Архетипическая модель интеллекта (АМИ) основана именно на онтологическом представлении относительности идеального и материального. Так, в материальном плане приведенного определения, казалось бы, эклектически смешиваются физическое и лингвистическое. Однако сопоставление их предикатов показывает, что физическое материально во внешней среде, тогда как в интеллекте лингвистическое проявляет материальные свойства относительно психического.
Наглядным примером психолингвистического соответствия цвета (как идеального) и цветообозначений (как онтологически материального) может служить следующее сопоставление. Вербализованным является существенно меньшее число цветов (100-150), чем таковых может различить человеческий глаз в их оттенках (1-1,5 миллиона). Аналогичное сравнение представляют и чувства. Вербализовано примерно 100-150 их проявлений, тогда как в действительности субъект испытывает их бесконечное число, быть может, превышающее и миллионы.
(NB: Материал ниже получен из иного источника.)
text \<open>A structure over the signature with one binary function symbol e:
  a finite nonempty domain (of natural numbers) and e :: domain^2 -> Q_{>=0}.\<close>
type_synonym struct = "nat set \<times> (nat \<Rightarrow> nat \<Rightarrow> rat)"

definition dom_s :: "struct \<Rightarrow> nat set" where "dom_s S = fst S"
definition e_s :: "struct \<Rightarrow> nat \<Rightarrow> nat \<Rightarrow> rat" where "e_s S = snd S"

definition is_struct :: "struct \<Rightarrow> bool" where
  "is_struct S \<longleftrightarrow> finite (dom_s S) \<and> dom_s S \<noteq> {} \<and>
     (\<forall>x\<in>dom_s S. \<forall>y\<in>dom_s S. e_s S x y \<ge> 0)"

definition opt :: "struct \<Rightarrow> struct \<Rightarrow> real" where
  "opt A B = Max ((\<lambda>h. real_of_rat (\<Sum>(x,y)\<in>dom_s A \<times> dom_s A.
                        e_s A x y * e_s B (h x) (h y)))
                  ` (dom_s A \<rightarrow>\<^sub>E dom_s B))"

text \<open>|ln a - ln b| with ln 0 = -infinity and |ln 0 - ln 0| = 0.\<close>
definition lndist :: "real \<Rightarrow> real \<Rightarrow> ereal" where
  "lndist a b = (if a = 0 \<and> b = 0 then 0
                 else if a = 0 \<or> b = 0 then \<infinity>
                 else ereal \<bar>ln a - ln b\<bar>)"

definition d_opt :: "struct \<Rightarrow> struct \<Rightarrow> ereal" where
  "d_opt A B = (SUP C \<in> {C. is_struct C}. lndist (opt A C) (opt B C))"

definition size_pliable :: "struct set \<Rightarrow> bool" where
  "size_pliable \<A> \<longleftrightarrow> (\<forall>\<epsilon>::real. \<epsilon> > 0 \<longrightarrow> (\<exists>k::nat. \<forall>A\<in>\<A>. \<exists>B.
      is_struct B \<and> card (dom_s B) \<le> k \<and> d_opt A B \<le> ereal \<epsilon>))"

type_synonym graph = "nat set \<times> nat set set"

definition is_graph :: "graph \<Rightarrow> bool" where
  "is_graph G \<longleftrightarrow> finite (fst G) \<and> (\<forall>e\<in>snd G. e \<subseteq> fst G \<and> card e = 2)"

definition avg_degree :: "graph \<Rightarrow> real" where
  "avg_degree G = 2 * real (card (snd G)) / real (card (fst G))"

definition unbounded_avg_degree :: "graph set \<Rightarrow> bool" where
  "unbounded_avg_degree \<G> \<longleftrightarrow> (\<forall>d::real. \<exists>G\<in>\<G>. avg_degree G > d)"
lemma abs_integral_le_by_left_limit:
  fixes f :: "real \<Rightarrow> real"
  assumes int: "f integrable_on {a..b}" and "a < b"
    and tails: "\<And>c. a < c \<Longrightarrow> c \<le> b \<Longrightarrow> \<bar>integral {c..b} f\<bar> \<le> K"
  shows "\<bar>integral {a..b} f\<bar> \<le> K"
proof -
  have "continuous_on {a..b} (\<lambda>c. integral {c..b} f)"
    by (rule indefinite_integral_continuous_1'[OF int])
  then have "((\<lambda>c. integral {c..b} f) \<longlongrightarrow> integral {a..b} f) (at a within {a..b})"
    using \<open>a < b\<close> by (simp add: continuous_on_def)
  then have "((\<lambda>c. integral {c..b} f) \<longlongrightarrow> integral {a..b} f) (at_right a)"
    by (simp add: at_within_Icc_at_right[OF \<open>a < b\<close>])
  moreover have "\<forall>\<^sub>F c in at_right a. \<bar>integral {c..b} f\<bar> \<le> K"
    using eventually_at_right_less[of a] order_tendstoD(2)[OF tendsto_ident_at \<open>a < b\<close>]
    by eventually_elim (use tails in auto)
  ultimately show ?thesis
    by (intro tendsto_le[OF trivial_limit_at_right_real tendsto_const tendsto_rabs])
qed
lemma cauchy_kernel_spread_imag_axis_le_inverse:
  fixes \<mu> :: "real measure"
  assumes \<mu>: "prob_space \<mu>" "sets \<mu> = sets borel" and y: "y > 0"
  shows "ennreal y * cauchy_kernel_spread \<mu> (\<i> * y) \<le> ennreal (4 / y)"
proof -
  interpret prob_space \<mu> by fact
  have "(\<integral>\<^sup>+t. ennreal (ln_kernel y t) \<partial>\<mu>) \<le> (\<integral>\<^sup>+t. ennreal (1 / y) \<partial>\<mu>)"
    by (intro nn_integral_mono ennreal_leI ln_kernel_le[OF y])
  then have "4 * (\<integral>\<^sup>+t. ennreal (ln_kernel y t) \<partial>\<mu>) \<le> 4 * ennreal (1 / y)"
    by (simp add: emeasure_space_1 mult_left_mono)
  also have "\<dots> = ennreal (4 * (1 / y))"
    using y by (subst ennreal_mult) auto
  also have "\<dots> = ennreal (4 / y)"
    by simp
  finally show ?thesis
    using cauchy_kernel_spread_imag_axis_le[OF \<mu> y] by (rule order_trans[rotated])
qed

lemma cauchy_kernel_spread_imag_axis_ge:
  fixes \<mu> :: "real measure" and M y :: real
  assumes "prob_space \<mu>" and sets: "sets \<mu> = sets borel" and y: "y > 0" "M \<le> y"
    and half: "measure \<mu> {x. \<bar>x\<bar> \<le> M} \<ge> 1 / 2"
  shows "ennreal (1 / 16) * (\<integral>\<^sup>+t. indicator {t. 2 * M \<le> \<bar>t\<bar>} t * ennreal (ln_kernel y t) \<partial>\<mu>)
       \<le> ennreal y * cauchy_kernel_spread \<mu> (\<i> * y)"
proof -
  interpret prob_space \<mu> by fact
  define A B where "A = {x::real. \<bar>x\<bar> \<le> M}" and "B = {x::real. 2 * M \<le> \<bar>x\<bar>}"
  define g where "g t = indicator B t * ennreal (ln_kernel y t / 8)" for t
  have A_sets: "A \<in> sets \<mu>"
    unfolding A_def sets by measurable
  have [measurable]: "g \<in> borel_measurable \<mu>"
    unfolding g_def[abs_def] B_def ln_kernel_def measurable_cong_sets[OF sets refl] by measurable
  have pointwise: "ennreal (1 / 16) * (indicator B t * ennreal (ln_kernel y t)) \<le> g t * emeasure \<mu> A" for t
  proof -
    have "ennreal (1 / 16) * ennreal (ln_kernel y t) = ennreal (ln_kernel y t / 16)"
      "ennreal (ln_kernel y t / 8) * ennreal (1 / 2) = ennreal (ln_kernel y t / 16)"
      using ln_kernel_nonneg[OF y(1), of t] by (subst ennreal_mult[symmetric]; simp)+
    then have "ennreal (1 / 16) * (indicator B t * ennreal (ln_kernel y t)) = g t * ennreal (1 / 2)"
      by (simp add: g_def indicator_def)
    also have "\<dots> \<le> g t * emeasure \<mu> A"
      using ennreal_leI[OF half] unfolding A_def emeasure_eq_measure by (rule mult_left_mono) simp
    finally show ?thesis .
  qed
  have "ennreal (1 / 16) * (\<integral>\<^sup>+t. indicator B t * ennreal (ln_kernel y t) \<partial>\<mu>)
      = (\<integral>\<^sup>+t. ennreal (1 / 16) * (indicator B t * ennreal (ln_kernel y t)) \<partial>\<mu>)"
    unfolding B_def ln_kernel_def
    by (rule nn_integral_cmult[symmetric]) (simp add: measurable_cong_sets[OF sets refl])
  also have "\<dots> \<le> (\<integral>\<^sup>+t. g t * emeasure \<mu> A \<partial>\<mu>)"
    by (intro nn_integral_mono pointwise)
  also have "\<dots> = (\<integral>\<^sup>+t. (\<integral>\<^sup>+s. g t * indicator A s \<partial>\<mu>) \<partial>\<mu>)"
    by (simp add: nn_integral_cmult_indicator[OF A_sets])
  also have "\<dots> \<le> (\<integral>\<^sup>+t. (\<integral>\<^sup>+s. ennreal (y * (cmod (1 / (\<i> * y - t) - 1 / (\<i> * y - s)))\<^sup>2) \<partial>\<mu>) \<partial>\<mu>)"
  proof (intro nn_integral_mono)
    fix t s :: real
    show "g t * indicator A s \<le> ennreal (y * (cmod (1 / (\<i> * y - t) - 1 / (\<i> * y - s)))\<^sup>2)"
      using cauchy_kernel_diff_sq_imag_axis_ge[OF y(1), of s M t] y(2)
      by (auto simp: g_def A_def B_def indicator_def intro: ennreal_leI)
  qed
  also have "\<dots> = ennreal y * cauchy_kernel_spread \<mu> (\<i> * y)"
    using ennreal_mult_cauchy_kernel_spread[OF prob_space_imp_sigma_finite[OF \<open>prob_space \<mu>\<close>] sets
        less_imp_le[OF y(1)]] ..
  finally show ?thesis
    unfolding B_def .
qed

lemma nn_integral_cauchy_kernel_spread_imag_axis_less_top:
  fixes \<mu> :: "real measure" and T :: real
  assumes \<mu>: "prob_space \<mu>" "sets \<mu> = sets borel" and T: "T > 0"
    and ln_finite: "(\<integral>\<^sup>+x. ennreal (ln (1 + x\<^sup>2)) \<partial>\<mu>) < \<infinity>"
  shows "(\<integral>\<^sup>+y\<in>{T<..}. ennreal y * cauchy_kernel_spread \<mu> (\<i> * y) \<partial>lborel) < \<infinity>"
proof -
  have \<mu>_sigma: "sigma_finite_measure \<mu>"
    using \<mu>(1) by (rule prob_space_imp_sigma_finite)
  have [measurable]: "(\<lambda>y. \<integral>\<^sup>+t. ennreal (ln_kernel y t) \<partial>\<mu>) \<in> borel_measurable borel"
    by (rule borel_measurable_nn_integral_param[OF \<mu>_sigma \<mu>(2)]) (simp add: ln_kernel_def, measurable)
  have "(\<integral>\<^sup>+y\<in>{T<..}. ennreal y * cauchy_kernel_spread \<mu> (\<i> * y) \<partial>lborel)
      \<le> (\<integral>\<^sup>+y\<in>{T<..}. 4 * (\<integral>\<^sup>+t. 1 * ennreal (ln_kernel y t) \<partial>\<mu>) \<partial>lborel)"
    using T cauchy_kernel_spread_imag_axis_le[OF \<mu>]
    by (intro nn_integral_mono) (simp add: indicator_def)
  also have "\<dots> = 4 * (\<integral>\<^sup>+y\<in>{T<..}. (\<integral>\<^sup>+t. 1 * ennreal (ln_kernel y t) \<partial>\<mu>) \<partial>lborel)"
    by (subst nn_integral_cmult[symmetric]) (simp_all add: mult.assoc measurable_lborel2)
  also have "\<dots> = 4 * (\<integral>\<^sup>+t. 1 * ennreal (ln (1 + t\<^sup>2 / T\<^sup>2) / 2) \<partial>\<mu>)"
    unfolding nn_integral_Ioi_nn_integral_ln_kernel[OF \<mu>_sigma \<mu>(2) borel_measurable_const T] ..
  also have "\<dots> < \<infinity>"
    using ln_finite nn_integral_ln_rescaled_less_top_iff[OF prob_space.finite_measure[OF \<mu>(1)] \<mu>(2), of "T\<^sup>2"] T
    by (simp add: ennreal_mult_less_top)
  finally show ?thesis .
qed

lemma nn_integral_ln_less_top_if_cauchy_kernel_spread:
  fixes \<mu> :: "real measure" and T :: real
  assumes \<mu>: "prob_space \<mu>" "sets \<mu> = sets borel" and T: "T > 0"
    and spread_finite: "(\<integral>\<^sup>+y\<in>{T<..}. ennreal y * cauchy_kernel_spread \<mu> (\<i> * y) \<partial>lborel) < \<infinity>"
  shows "(\<integral>\<^sup>+x. ennreal (ln (1 + x\<^sup>2)) \<partial>\<mu>) < \<infinity>"
proof -
  have \<mu>_sigma: "sigma_finite_measure \<mu>"
    using \<mu>(1) by (rule prob_space_imp_sigma_finite)
  obtain M where M: "measure \<mu> {x. \<bar>x\<bar> \<le> M} \<ge> 1 / 2"
    using exists_measure_abs_le_ge_half[OF \<mu>] by blast
  define S where "S = max T M"
  have S: "S > 0" "T \<le> S" "M \<le> S"
    unfolding S_def using T by auto
  define B where "B = {t::real. 2 * M \<le> \<bar>t\<bar>}"
  define L where "L t = indicator B t * ennreal (ln (1 + t\<^sup>2 / S\<^sup>2) / 2)" for t
  have [measurable]: "(\<lambda>y. \<integral>\<^sup>+t. indicator B t * ennreal (ln_kernel y t) \<partial>\<mu>) \<in> borel_measurable borel"
    by (rule borel_measurable_nn_integral_param[OF \<mu>_sigma \<mu>(2)]) (simp add: B_def ln_kernel_def, measurable)
  have "ennreal (1 / 16) * (\<integral>\<^sup>+t. L t \<partial>\<mu>)
      = ennreal (1 / 16) * (\<integral>\<^sup>+y\<in>{S<..}. (\<integral>\<^sup>+t. indicator B t * ennreal (ln_kernel y t) \<partial>\<mu>) \<partial>lborel)"
    unfolding L_def B_def by (subst nn_integral_Ioi_nn_integral_ln_kernel[OF \<mu>_sigma \<mu>(2) _ S(1)]) simp_all
  also have "\<dots> = (\<integral>\<^sup>+y\<in>{S<..}. ennreal (1 / 16) * (\<integral>\<^sup>+t. indicator B t * ennreal (ln_kernel y t) \<partial>\<mu>) \<partial>lborel)"
    by (subst nn_integral_cmult[symmetric]) (simp_all add: mult.assoc measurable_lborel2)
  also have "\<dots> \<le> (\<integral>\<^sup>+y\<in>{T<..}. ennreal y * cauchy_kernel_spread \<mu> (\<i> * y) \<partial>lborel)"
  proof (intro nn_integral_mono)
    fix y :: real
    show "ennreal (1 / 16) * (\<integral>\<^sup>+t. indicator B t * ennreal (ln_kernel y t) \<partial>\<mu>) * indicator {S<..} y
        \<le> ennreal y * cauchy_kernel_spread \<mu> (\<i> * y) * indicator {T<..} y"
      using cauchy_kernel_spread_imag_axis_ge[OF \<mu>, of y M] M S unfolding B_def
      by (cases "S < y") (auto simp: indicator_def)
  qed
  finally have "ennreal (1 / 16) * (\<integral>\<^sup>+t. L t \<partial>\<mu>) < \<infinity>"
    using spread_finite by (rule order.strict_trans1)
  then have L_finite: "(\<integral>\<^sup>+t. L t \<partial>\<mu>) < \<infinity>"
    by (auto simp: ennreal_mult_less_top)
  have L_measurable: "L \<in> borel_measurable \<mu>"
    unfolding L_def[abs_def] B_def measurable_cong_sets[OF \<mu>(2) refl] by measurable
  have "ennreal (ln (1 + t\<^sup>2)) \<le> 2 * L t + ennreal (ln (1 + S\<^sup>2) + ln (1 + 4 * M\<^sup>2))" for t
    unfolding L_def B_def by (rule ln_one_plus_sq_le_split[OF S(1)])
  then show ?thesis
    by (rule nn_integral_less_top_if_le_affine[OF prob_space.finite_measure[OF \<mu>(1)] L_measurable
          _ _ _ L_finite]) simp_all
qed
В хроматизме концепт цвета был детально проанализирован на всех (и осознаваемых, и на неосознаваемых) уровнях интеллекта. Поэтому трудно согласиться с тезисом П.В. Яньшина — о сопоставлении функций сознания (как компонента интеллекта, по Н.В. Серову) с основной направленностью и жизненным стилем личности, по М. Люшеру,— которое он приводит, ссылаясь на результаты хроматического анализа функций интеллекта. Поскольку введенные в хроматизме функции бес- и подсознания трактуются П.В. Яньшиным адекватно, то само собой возникает вопрос: не является ли сфера сознания (как компонента интеллекта) сложной структурой функций, то есть, не состоит ли она из нескольких «атомарных»? Этот вопрос вытекал уже из космологии Платона, и я лишь давал на него ответ путем интенсионального представления цветовой семантики, которая моделировала данные функции интеллекта.
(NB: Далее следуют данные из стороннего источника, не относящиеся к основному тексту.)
lemma image_ballot_pairs_covers:
  assumes "p \<in> perms_pk_dp_des n k (int h) (int d)"
  shows "p \<in> (\<lambda>(s1, s2). rev s1 @ s2) ` ballot_pairs n k h d"
proof (cases "h = 0")
  case True
  then show ?thesis
    using assms Nil_mem_ballot_pairs_iff[of p n k h d] by force
next
  case False
  have steps_pm: "set (steps p) \<subseteq> {-1, 1}"
    using steps_distinct perms_pk_dp_des_distinct[OF assms] .
  have "min_prefix_sum (steps p) < 0"
    using assms False by (simp add: perms_pk_dp_des_def dp_eq_min_prefix_sum)
  then obtain u v where uv: "steps p = u @ (-1) # v" "min_prefix_sum u = sum_list u"
    "min_prefix_sum v = 0"
    using first_hit[OF steps_pm] by blast
  moreover have "p \<noteq> []"
    using uv(1) by auto
  ultimately obtain a b where ab: "p = a @ b" "a \<noteq> []" "steps a = u" "b \<noteq> []"
    "(-1) # v = sgn (int (hd b) - int (last a)) # steps b"
    using steps_split[of p u "(-1) # v"] by (metis list.distinct(1))
  have "ballot (rev a)"
    using ab(3) uv(2) by (simp add: ballot_rev_iff)
  moreover have "ballot b" "hd b < hd (rev a)"
    using ab uv(3) by (auto simp: ballot_iff_min_prefix_sum hd_rev sgn_if split: if_splits)
  ultimately have "(rev a, b) \<in> ballot_pairs n k h d"
    using mem_ballot_pairs_iff[of "rev a" b n k h d] ab assms by simp
  then show ?thesis
    using ab(1) by force
qed

lemma image_ballot_pairs_covers_pred:
  assumes "p \<in> perms_pk_dp_des n k (int h - 1) (int d - 1)" "p \<noteq> []"
  shows "p \<in> (\<lambda>(s1, s2). rev s1 @ s2) ` ballot_pairs n k h d"
proof -
  have "set (steps p) \<subseteq> {-1, 1}"
    using steps_distinct perms_pk_dp_des_distinct[OF assms(1)] .
  then obtain u w where uw: "steps p = u @ w" "min_prefix_sum u = sum_list u"
    "stays_above_start w"
    using last_hit by blast
  then obtain a b where ab: "p = a @ b" "a \<noteq> []" "steps a = u"
    "b \<noteq> [] \<Longrightarrow> w = sgn (int (hd b) - int (last a)) # steps b"
    using steps_split[OF uw(1) assms(2)] by metis
  have "ballot (rev a)"
    using ab(3) uw(2) by (simp add: ballot_rev_iff)
  moreover have "ballot b \<and> \<not> (b \<noteq> [] \<and> hd b < hd (rev a))"
  proof (cases "b = []")
    case False
    then show ?thesis
      using ab(2,4) uw(3)
      by (auto simp: ballot_iff_min_prefix_sum stays_above_start_def hd_rev sgn_if)
  qed (simp add: ballot_def)
  ultimately have "(rev a, b) \<in> ballot_pairs n k h d"
    using ab assms by (auto simp: mem_ballot_pairs_iff)
  then show ?thesis
    using ab(1) by force
qed

lemma steps_of_ballot_pair:
  assumes "(s1, s2) \<in> ballot_pairs n k h d" "s1 \<noteq> []"
  obtains w where "steps (rev s1 @ s2) = steps (rev s1) @ w"
    and "min_prefix_sum (steps (rev s1)) = sum_list (steps (rev s1))"
    and "sum_list (steps (rev s1)) = 1 - int h"
    and "dp (rev s1 @ s2) = int h \<Longrightarrow> \<exists>v. w = (-1) # v"
    and "dp (rev s1 @ s2) \<noteq> int h \<Longrightarrow> stays_above_start w"
proof
  let ?desc_join = "s2 \<noteq> [] \<and> hd s2 < hd s1"
  let ?w = "if s2 = [] then [] else sgn (int (hd s2) - int (hd s1)) # steps s2"
  have pair: "distinct (s1 @ s2)" "ballot s1" "ballot s2"
    using assms(1) by (simp_all add: ballot_pairs_def)
  show "steps (rev s1 @ s2) = steps (rev s1) @ ?w"
    using steps_rev_append[OF assms(2)] by (simp add: steps_rev)
  show "min_prefix_sum (steps (rev s1)) = sum_list (steps (rev s1))"
    using pair(2) ballot_rev_iff[of "rev s1"] by simp
  show "sum_list (steps (rev s1)) = 1 - int h"
    using ballot_pairs_hgt[OF assms] by (simp add: steps_rev sum_list_map_uminus hgt_eq_sum_steps)
  have "dp (rev s1 @ s2) = int h - 1 + of_bool ?desc_join"
    using mem_ballot_pairs_iff[OF assms(2) pair(2,3)] assms(1) by (simp add: perms_pk_dp_des_def)
  moreover have "s2 = [] \<or> hd s2 \<noteq> hd s1"
    using pair(1) assms(2) by (cases s1; cases s2) auto
  moreover have "min_prefix_sum (steps s2) = 0"
    using pair(3) by (simp add: ballot_iff_min_prefix_sum)
  ultimately show "dp (rev s1 @ s2) = int h \<Longrightarrow> \<exists>v. ?w = (-1) # v"
    and "dp (rev s1 @ s2) \<noteq> int h \<Longrightarrow> stays_above_start ?w"
    by (auto simp: stays_above_start_def sgn_if)
qed

lemma inj_on_rev_append_ballot_pairs: "inj_on (\<lambda>(s1, s2). rev s1 @ s2) (ballot_pairs n k h d)"
proof (rule inj_onI, clarify)
  fix s1 s2 t1 t2
  assume s: "(s1, s2) \<in> ballot_pairs n k h d" and t: "(t1, t2) \<in> ballot_pairs n k h d"
    and eq: "rev s1 @ s2 = rev t1 @ t2"
  have "length s1 = length t1"
  proof (cases "h = 0")
    case True
    then show ?thesis
      using ballot_pairs_fst_Nil_iff[OF s] ballot_pairs_fst_Nil_iff[OF t] by simp
  next
    case False
    then have ne: "s1 \<noteq> []" "t1 \<noteq> []"
      using ballot_pairs_fst_Nil_iff[OF s] ballot_pairs_fst_Nil_iff[OF t] by simp_all
    obtain w where ws: "steps (rev s1 @ s2) = steps (rev s1) @ w"
      "min_prefix_sum (steps (rev s1)) = sum_list (steps (rev s1))"
      "sum_list (steps (rev s1)) = 1 - int h"
      "dp (rev s1 @ s2) = int h \<Longrightarrow> \<exists>v. w = (-1) # v"
      "dp (rev s1 @ s2) \<noteq> int h \<Longrightarrow> stays_above_start w"
      using steps_of_ballot_pair[OF s ne(1)] by blast
    obtain w' where wt: "steps (rev t1 @ t2) = steps (rev t1) @ w'"
      "min_prefix_sum (steps (rev t1)) = sum_list (steps (rev t1))"
      "sum_list (steps (rev t1)) = 1 - int h"
      "dp (rev t1 @ t2) = int h \<Longrightarrow> \<exists>v. w' = (-1) # v"
      "dp (rev t1 @ t2) \<noteq> int h \<Longrightarrow> stays_above_start w'"
      using steps_of_ballot_pair[OF t ne(2)] by blast
    have "steps (rev s1) = steps (rev t1)"
    proof (cases "dp (rev s1 @ s2) = int h")
      case True
      then obtain v v' where "w = (-1) # v" "w' = (-1) # v'"
        using ws(4) wt(4) eq by auto
      then show ?thesis
        using first_hit_unique[of "steps (rev s1)" v "steps (rev t1)" v'] ws wt eq by simp
    next
      case False
      then show ?thesis
        using last_hit_unique[of "steps (rev s1)" w "steps (rev t1)" w'] ws wt eq by simp
    qed
    then show ?thesis
      using ne length_steps[of "rev s1"] length_steps[of "rev t1"] by (cases s1; cases t1) auto
  qed
  then show "s1 = t1 \<and> s2 = t2"
    using eq by (metis append_eq_append_conv length_rev rev_rev_ident)
qed

lemma card_ballot_pairs:
  assumes "(n, k, h, d) \<noteq> (0, 0, 1, 1)"
  shows "card (ballot_pairs n k h d)
    = p_pk_dp_des n k h d + p_pk_dp_des n k (int h - 1) (int d - 1)"
proof -
  let ?X = "perms_pk_dp_des n k h d" and ?Y = "perms_pk_dp_des n k (int h - 1) (int d - 1)"
  have "[] \<notin> ?Y"
    using assms by (auto simp: perms_pk_dp_des_def perms_def pk_short des_def dp_def)
  then have "(\<lambda>(s1, s2). rev s1 @ s2) ` ballot_pairs n k h d = ?X \<union> ?Y"
    using rev_append_mem_perms_pk_dp_des image_ballot_pairs_covers
      image_ballot_pairs_covers_pred by fastforce
  moreover have "finite ?X" "finite ?Y" "?X \<inter> ?Y = {}"
    by (auto simp: perms_pk_dp_des_def perms_eq_permutations_of_set)
  ultimately show ?thesis
    using card_image[OF inj_on_rev_append_ballot_pairs] card_Un_disjoint
    by (metis p_pk_dp_des_def perms_pk_dp_des_def)
qed

section \<open>Counting ballot pairs\<close>

definition ballot_lists :: "nat set \<Rightarrow> nat \<Rightarrow> nat \<Rightarrow> nat list set" where
  "ballot_lists A k d = {xs \<in> permutations_of_set A. ballot xs \<and> pk xs = k \<and> des xs = d}"

lemma b_pk_des_eq_card_ballot_lists: "b_pk_des m (int k) (int d) = card (ballot_lists {1..m} k d)"
  unfolding b_pk_des_def ballot_perms_def ballot_lists_def perms_eq_permutations_of_set
  by (rule arg_cong[where f = card]) auto

lemma b_pk_des_neg: "k < 0 \<or> d < 0 \<Longrightarrow> b_pk_des m k d = 0"
  unfolding b_pk_des_def by (rule card_eq_0_iff[THEN iffD2]) auto

lemma strict_mono_enumeration:
  assumes "finite A"
  obtains f :: "nat \<Rightarrow> nat" where "strict_mono_on {1..card A} f" "f ` {1..card A} = A"
proof
  let ?L = "sorted_list_of_set A"
  have L: "sorted_wrt (<) ?L" "length ?L = card A" "set ?L = A"
    using assms by (simp_all add: strict_sorted_list_of_set)
  show "strict_mono_on {1..card A} (\<lambda>i. ?L ! (i - 1))"
  proof (rule strict_mono_onI)
    fix r s
    assume "r \<in> {1..card A}" "s \<in> {1..card A}" "r < s"
    then show "?L ! (r - 1) < ?L ! (s - 1)"
      using sorted_wrt_nth_less[OF L(1), of "r - 1" "s - 1"] L(2) by auto
  qed
  have "(\<lambda>i. ?L ! (i - 1)) ` {1..card A} = (\<lambda>i. ?L ! (i - 1)) ` Suc ` {..<length ?L}"
    by (simp only: L(2) image_Suc_lessThan)
  also have "\<dots> = (!) ?L ` {..<length ?L}"
    by (simp add: image_image)
  also have "\<dots> = set ?L"
    by (rule bij_betw_imp_surj_on[OF bij_betw_nth]) simp_all
  also have "\<dots> = A"
    by (fact L(3))
  finally show "(\<lambda>i. ?L ! (i - 1)) ` {1..card A} = A" .
qed

lemma card_ballot_lists_relabel:
  assumes "finite A"
  shows "card (ballot_lists A k d) = card (ballot_lists {1..card A} k d)"
proof -
  obtain f where f: "strict_mono_on {1..card A} f" "f ` {1..card A} = A"
    using strict_mono_enumeration[OF assms] .
  have inj: "inj_on f {1..card A}"
    using f(1) by (rule strict_mono_on_imp_inj_on)
  have stats: "ballot (map f xs) = ballot xs \<and> pk (map f xs) = pk xs \<and> des (map f xs) = des xs"
    if "xs \<in> permutations_of_set {1..card A}" for xs
    using steps_map_strict_mono[OF f(1)] that
    by (simp add: ballot_iff_min_prefix_sum pk_eq_peaks_steps des_eq_count_steps
        permutations_of_set_def)
  have "ballot_lists A k d = map f ` ballot_lists {1..card A} k d"
    using permutations_of_set_image_inj[OF inj] stats
    unfolding ballot_lists_def f(2) by (auto simp: image_iff)
  moreover have "inj_on (map f) (ballot_lists {1..card A} k d)"
    using inj by (intro inj_on_mapI) (auto simp: ballot_lists_def permutations_of_set_def)
  ultimately show ?thesis
    by (simp add: card_image)
qed

lemma ballot_pairs_fiber_eq:
  assumes "j \<le> k" "i + h \<le> d"
  shows "{(s1, s2) \<in> ballot_pairs n k h d. des s1 = i \<and> pk s1 = j}
    = (\<Union>A \<in> {A. A \<subseteq> {1..n} \<and> card A = 2 * i + h}.
        ballot_lists A j i \<times> ballot_lists ({1..n} - A) (k - j) (d - i - h))"
proof (intro set_eqI iffI)
  fix p
  assume "p \<in> {(s1, s2) \<in> ballot_pairs n k h d. des s1 = i \<and> pk s1 = j}"
  then obtain s1 s2 where p: "p = (s1, s2)" "(s1, s2) \<in> ballot_pairs n k h d"
    "des s1 = i" "pk s1 = j"
    by auto
  then have "set s1 \<subseteq> {1..n}" "card (set s1) = 2 * i + h" "set s2 = {1..n} - set s1"
    by (auto simp: ballot_pairs_def distinct_card)
  with p show "p \<in> (\<Union>A \<in> {A. A \<subseteq> {1..n} \<and> card A = 2 * i + h}.
      ballot_lists A j i \<times> ballot_lists ({1..n} - A) (k - j) (d - i - h))"
    by (auto simp: ballot_pairs_def ballot_lists_def permutations_of_set_def)
next
  fix p
  assume "p \<in> (\<Union>A \<in> {A. A \<subseteq> {1..n} \<and> card A = 2 * i + h}.
      ballot_lists A j i \<times> ballot_lists ({1..n} - A) (k - j) (d - i - h))"
  then obtain A s1 s2 where "p = (s1, s2)" "A \<subseteq> {1..n}" "card A = 2 * i + h"
    "s1 \<in> ballot_lists A j i" "s2 \<in> ballot_lists ({1..n} - A) (k - j) (d - i - h)"
    by auto
  with assms show "p \<in> {(s1, s2) \<in> ballot_pairs n k h d. des s1 = i \<and> pk s1 = j}"
    by (auto simp: ballot_pairs_def ballot_lists_def permutations_of_set_def distinct_card)
qed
В силу многотысячелетней воспроизводимости цветовых канонов можно заключить, что АМИ позволило адекватно моделировать, а, следовательно, и расширять свой адаптационный потенциал личности и современному человеку. В самом деле, «цвет» — интенсионал совершенно разнородных предикатов (В.ГКульпина., П.В.Яньшин, E.Bremond, E.Heller). Так, например, обсуждая психолингвистические идеи «Хроматизма мифа», В. Г. Кульпина замечает: трудно согласиться с тезисом Н.В. Серова о возможности единого для всего человечества мира перцептивного цветового пространства. При этом, по-видимому, с позиций чистой лингвистики В. Г. Кульпина не обращает внимания на тот факт, что в хроматизме речь идет именно о перцепте, но никак не о цветообозначениях (именах цвета), существенное различие которых в плане онтологии было представлено выше.
В связи с этим вспоминается замечательная сентенция М.Коула : «Почему кросс-культурные исследования не стали неотъемлемой частью психологических программ, направленных на выявление основных принципов человеческого поведения? Ответ прост <…>: общая психология не может принять данные кросс-культурных исследований, поскольку эти исследования не отвечают ее методологическим требованиям.»
Для сравнения с этими требованиями приведу основополагающие принципы хроматизма: Семантическая логика, которая позволяет на уровне интенсионалов (то есть обобщенных смыслов) описывать существенные стороны разнородных экстенсиональных явлений и связывать их едиными формализмами.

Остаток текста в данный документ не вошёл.